Exercise instructions
Would you copy each line of the data below that has "ultimately"?
───── Supplied records
theorem theorem1:
  fixes \<alpha> \<beta> :: complex and n k :: nat
  shows "gen_stirling \<alpha> \<beta> n k = (\<Sum>L\<in>Omega n k. weight \<alpha> \<beta> L)"
  by (simp add: gen_stirling_eq_rec sum_weight_Omega_eq_gen_stirling_rec)

end
lemma potential_transpose_le:
  assumes "Suc k \<in> P" "s \<in> free_after k"
  shows "potential (\<pi> \<circ> Transposition.transpose (Suc k) s) (Suc k)
           \<le> decay_peak n (remaining_steps (Suc k)) (card (live_neighbours \<pi> k))"
proof -
  have "Suc k \<in> free_after k" using assms(1) P_sub P_S_disjoint by (auto simp: free_after_def)
  then have "card (live_neighbours (\<pi> \<circ> Transposition.transpose (Suc k) s) (Suc k))
               \<le> card (live_neighbours \<pi> k)"
    using assms(2) by (intro card_mono finite_live_neighbours live_neighbours_transpose_subset)
  then show ?thesis by (simp add: potential_def decay_peak_nonneg decay_peak_mono)
qed

lemma sum_potential_transpose_le:
  assumes "\<pi> \<in> extensions" "Suc k \<in> P"
  shows "(\<Sum>s\<in>free_after k. potential (\<pi> \<circ> Transposition.transpose (Suc k) s) (Suc k))
           \<le> real (card (free_after k)) * potential \<pi> k"
proof (cases "u \<in> greedy_dead E \<pi> k")
  case True
  have "potential (\<pi> \<circ> Transposition.transpose (Suc k) s) (Suc k) = 0" if "s \<in> free_after k" for s
    using True that greedy_dead_transpose[of k "Suc k" s E \<pi>]
      greedy_dead_subset_Suc[of E "\<pi> \<circ> Transposition.transpose (Suc k) s" k]
    by (auto simp: potential_def free_after_def)
  then show ?thesis using potential_nonneg[of \<pi> k] by simp
next
  case False
  define F where "F = free_after k"
  define H where "H = {s\<in>F. \<pi> s \<in> live_neighbours \<pi> k}"
  define a where "a = card (live_neighbours \<pi> k)"
  define j where "j = remaining_steps (Suc k)"
  have "H \<subseteq> F" "finite F" by (auto simp: H_def F_def finite_free_after)
  have "card H = a" unfolding H_def F_def a_def by (rule card_live_neighbours_preimage[OF assms(1)])
  have "card F \<le> n" unfolding F_def by (rule card_free_after_le)
  have "a \<le> card F" using \<open>H \<subseteq> F\<close> \<open>finite F\<close> \<open>card H = a\<close> card_mono by blast
  have "(\<Sum>s\<in>F. potential (\<pi> \<circ> Transposition.transpose (Suc k) s) (Suc k))
      = (\<Sum>s\<in>F - H. potential (\<pi> \<circ> Transposition.transpose (Suc k) s) (Suc k))"
    using \<open>H \<subseteq> F\<close> \<open>finite F\<close> potential_transpose_hit
    by (intro sum.mono_neutral_right) (auto simp: H_def F_def)
  also have "\<dots> \<le> (\<Sum>s\<in>F - H. decay_peak n j a)"
    using potential_transpose_le[OF assms(2)] by (intro sum_mono) (auto simp: F_def j_def a_def)
  also have "\<dots> = (real (card F) - real a) * decay_peak n j a"
    using \<open>H \<subseteq> F\<close> \<open>finite F\<close> \<open>card H = a\<close> \<open>a \<le> card F\<close>
    by (simp add: card_Diff_subset finite_subset of_nat_diff)
  \<comment> \<open>the probability \<open>a / card F\<close> of hitting an alive neighbour is at least \<open>a / n\<close>\<close>
  also have "\<dots> \<le> real (card F) * ((1 - real a / real n) * decay_peak n j a)"
    using diff_le_mult_one_minus_divide[OF _ \<open>card F \<le> n\<close>, of "real a"]
    by (simp add: mult_right_mono decay_peak_nonneg flip: mult.assoc)
  also have "\<dots> \<le> real (card F) * decay_peak n (Suc j) a"
    using card_live_neighbours_le[of \<pi> k] \<open>card F \<le> n\<close>
    by (intro mult_left_mono decay_peak_Suc) (auto simp: a_def F_def)
  also have "\<dots> = real (card F) * potential \<pi> k"
    using False assms(2) by (simp add: potential_def a_def j_def remaining_steps_Suc[of k])
  finally show ?thesis unfolding F_def .
qed

lemma sum_potential_Suc_le:
  "(\<Sum>\<pi>\<in>extensions. potential \<pi> (Suc k)) \<le> (\<Sum>\<pi>\<in>extensions. potential \<pi> k)"
proof (cases "Suc k \<in> P")
  case True
  then have "Suc k \<in> free_after k" using P_sub P_S_disjoint by (auto simp: free_after_def)
  then have "(\<Sum>\<pi>\<in>extensions. potential \<pi> (Suc k))
      = (\<Sum>\<pi>\<in>extensions. \<Sum>s\<in>free_after k. potential (\<pi> \<circ> Transposition.transpose (Suc k) s) (Suc k))
        / real (card (free_after k))"
    by (intro sum_average_transpose finite_free_after)
      (auto intro!: transpose_in_extensions simp: free_after_def)
  also have "\<dots> \<le> (\<Sum>\<pi>\<in>extensions. real (card (free_after k)) * potential \<pi> k) / real (card (free_after k))"
    using True by (intro divide_right_mono sum_mono sum_potential_transpose_le) auto
  also have "\<dots> = (\<Sum>\<pi>\<in>extensions. potential \<pi> k)"
    using \<open>Suc k \<in> free_after k\<close> finite_free_after[of k]
    by (auto simp: sum_distrib_left[symmetric] card_gt_0_iff)
  finally show ?thesis .
next
  case False
  then show ?thesis by (intro sum_mono potential_Suc_le)
qed

lemma sum_potential_le_initial:
  "(\<Sum>\<pi>\<in>extensions. potential \<pi> k) \<le> (\<Sum>\<pi>\<in>extensions. potential \<pi> 0)"
  by (induction k) (auto intro: order_trans[OF sum_potential_Suc_le])

lemma potential_initial_le:
  assumes "P \<noteq> {}"
  shows "potential \<pi> 0 \<le> real n / (exp 1 * real (card P))"
proof -
  have "{t\<in>P. 0 < t} = P" using P_sub by auto
  then have "remaining_steps 0 = card P" unfolding remaining_steps_def by simp
  moreover have "card P \<ge> 1"
    using assms P_sub by (simp add: Suc_le_eq card_gt_0_iff finite_subset)
  moreover have "card (live_neighbours \<pi> 0) \<le> n"
    using card_live_neighbours_le card_free_after_le order_trans by blast
  ultimately show ?thesis by (simp add: potential_def decay_peak_le)
qed

lemma card_transpose_adjacent_alive_le:
  assumes "\<pi> \<in> extensions" "p1 \<in> S" "\<sigma> p1 = u" "p2 \<in> free_after t" "P \<subseteq> {..t}"
  shows "real (card {s\<in>free_after t. \<pi> \<circ> Transposition.transpose p2 s \<in> adjacent_alive E p1 p2 t})
           \<le> potential \<pi> t"
proof -
  let ?H = "if u \<in> greedy_dead E \<pi> t then {} else {s\<in>free_after t. \<pi> s \<in> live_neighbours \<pi> t}"
  have "{s\<in>free_after t. \<pi> \<circ> Transposition.transpose p2 s \<in> adjacent_alive E p1 p2 t} \<subseteq> ?H"
  proof safe
    fix s
    assume s: "s \<in> free_after t" and adj: "\<pi> \<circ> Transposition.transpose p2 s \<in> adjacent_alive E p1 p2 t"
    have "greedy_dead E (\<pi> \<circ> Transposition.transpose p2 s) t = greedy_dead E \<pi> t"
      using s assms(4) by (intro greedy_dead_transpose) (auto simp: free_after_def)
    moreover have "p1 \<noteq> p2" "p1 \<noteq> s" using assms(2,4) s by (auto simp: free_after_def)
    then have "(\<pi> \<circ> Transposition.transpose p2 s) p1 = u"
      using extensionsD(3)[OF assms(1,2)] assms(3) by simp
    ultimately have "E u (\<pi> s)" "u \<notin> greedy_dead E \<pi> t" "\<pi> s \<notin> greedy_dead E \<pi> t"
      using adj unfolding adjacent_alive_def alive_def by auto
    then show "s \<in> ?H" using s by (auto simp: live_neighbours_def)
  qed
  then have "card {s\<in>free_after t. \<pi> \<circ> Transposition.transpose p2 s \<in> adjacent_alive E p1 p2 t}
      \<le> card ?H"
    using finite_free_after by (intro card_mono) auto
  moreover have "remaining_steps t = 0"
  proof -
    have "{t'\<in>P. t < t'} = {}" using assms(5) by auto
    then show ?thesis unfolding remaining_steps_def by (metis card.empty)
  qed
  ultimately show ?thesis
    using card_live_neighbours_preimage[OF assms(1)] by (auto simp: potential_def)
qed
──────────
Problem solution
  ultimately show ?thesis by (simp add: potential_def decay_peak_le)
    ultimately have "E u (\<pi> s)" "u \<notin> greedy_dead E \<pi> t" "\<pi> s \<notin> greedy_dead E \<pi> t"
  ultimately show ?thesis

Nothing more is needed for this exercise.